AUGUSTA, Maine — Maine Democrats used procedural moves to grind the Legislature to a halt on Wednesday and kill a bipartisan child welfare bill that was opposed by Gov. Janet Mills.
It was a loud and eventful final day of the 2026 legislative session, framed by dueling Democratic and Republican news conferences aimed at burnishing their opposite views of Maine’s economy and political leadership after eight years of Mills and her party in full control of state government.
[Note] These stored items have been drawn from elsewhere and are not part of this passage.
text \<open>Chernoff's bound with the optimal exponent \<open>l = 4 s\<close>.\<close>
lemma noise_sum_tail:
  assumes s: "s \<ge> 0" and \<sigma>: "\<sigma> \<in> {1, -1}"
  shows "measure M {\<omega>\<in>space M. real T * s \<le> \<sigma> * noise_sum j (traj \<omega>) (int T)}
    \<le> exp (- 2 * real T * s\<^sup>2)"
proof -
  define B where "B = {\<omega>\<in>space M. real T * s \<le> \<sigma> * noise_sum j (traj \<omega>) (int T)}"
  define l where "l = 4 * s"
  have "B \<in> sets M"
    unfolding B_def using i tau
    by (intro sets_traj_event) (simp add: noise_sum_past)
  have "measure M B = integral\<^sup>L M (indicator B)"
    using \<open>B \<in> sets M\<close> by simp
  also have "\<dots> \<le> (LINT \<omega>|M. exp (- l * (real T * s)) * exp_noise j (\<sigma> * l) (int T) \<omega>)"
  proof (rule integral_mono)
    show "integrable M (indicator B :: 'a \<Rightarrow> real)"
      using \<open>B \<in> sets M\<close> by (intro integrable_real_indicator) (simp_all add: emeasure_eq_measure)
    show "integrable M (\<lambda>\<omega>. exp (- l * (real T * s)) * exp_noise j (\<sigma> * l) (int T) \<omega>)"
      by (intro integrable_mult_right integrable_exp_noise) simp
    fix \<omega>
    have "exp (- l * (real T * s)) * exp_noise j (\<sigma> * l) (int T) \<omega>
        = exp (l * (\<sigma> * noise_sum j (traj \<omega>) (int T) - real T * s))"
      by (simp add: exp_noise_def exp_add[symmetric] algebra_simps)
    moreover have "\<omega> \<in> B \<Longrightarrow> 0 \<le> l * (\<sigma> * noise_sum j (traj \<omega>) (int T) - real T * s)"
      using s by (simp add: B_def l_def)
    ultimately show "indicator B \<omega> \<le> exp (- l * (real T * s)) * exp_noise j (\<sigma> * l) (int T) \<omega>"
      by (auto simp: indicator_def)
  qed
  also have "\<dots> \<le> exp (- l * (real T * s)) * exp (real T * (\<sigma> * l)\<^sup>2 / 8)"
    using integral_exp_noise_le[of T j "\<sigma> * l"] by simp
  also have "\<dots> = exp (- 2 * real T * s\<^sup>2)"
    using \<sigma> by (auto simp: l_def exp_add[symmetric] power2_eq_square algebra_simps)
  finally show ?thesis
    unfolding B_def .
qed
Lawmakers were back in Augusta mostly to uphold the governor’s vetoes of a first-in-the-nation data center ban and criminal justice bill. But the main topic of debate was a long-debated proposal that would allow members of the Legislature’s watchdog committee to see confidential files when investigating the deaths of children involved in the state’s embattled welfare system.
Mills and her administration have opposed the measure that seeks to overturn a 2024 decision by Maine’s high court. Yet the bill from Sen. Craig Hickman, D-Winthrop, stayed alive until the final day of the legislative session and prompted a rally led by Reps. David Boyer, R-Poland, and Adam Lee, D-Auburn, urging leaders to take up the bill.
It passed easily in the House in the morning. The Senate then voted 22-9 to pass it. After it came back to the lower chamber, a few Democrats voted with Republicans against an effort from House Speaker Ryan Fecteau, D-Biddeford, to adjourn for the year.
The Senate came back three hours later, and Democrats there moved to adjourn. Republicans protested, noting the years of scrutiny of the Maine Department of Health and Human Services over child deaths.
“We’re fighting for not only the people of the state of Maine, but for the children who are under DHHS control,” Sen. Jeff Timberlake, R-Turner, a member of the watchdog committee, said.
With seven senators absent, the chamber voted 16-12 to adjourn. All Democrats present except Hickman and Sens. Donna Bailey of Saco and Tim Nangle of Windham voted with their party. Independent state Sen. Rick Bennett, a gubernatorial candidate from Oxford who backed the bill, voted with Democrats to adjourn.
Mills’ top lawyer, Jerry Reid, testified against Hickman’s bill and a similar one last year, telling lawmakers that it contained no safeguards against disclosure of confidential information and could jeopardize federal funding to the state. But those calling for wider reforms to the child welfare system embraced the bill, and Boyer said its death will make the issue linger.
“I think it’s an issue that transcends party lines and just gets people right in the heart and the gut, and I wouldn’t want to be on the other side of this vote,” he said.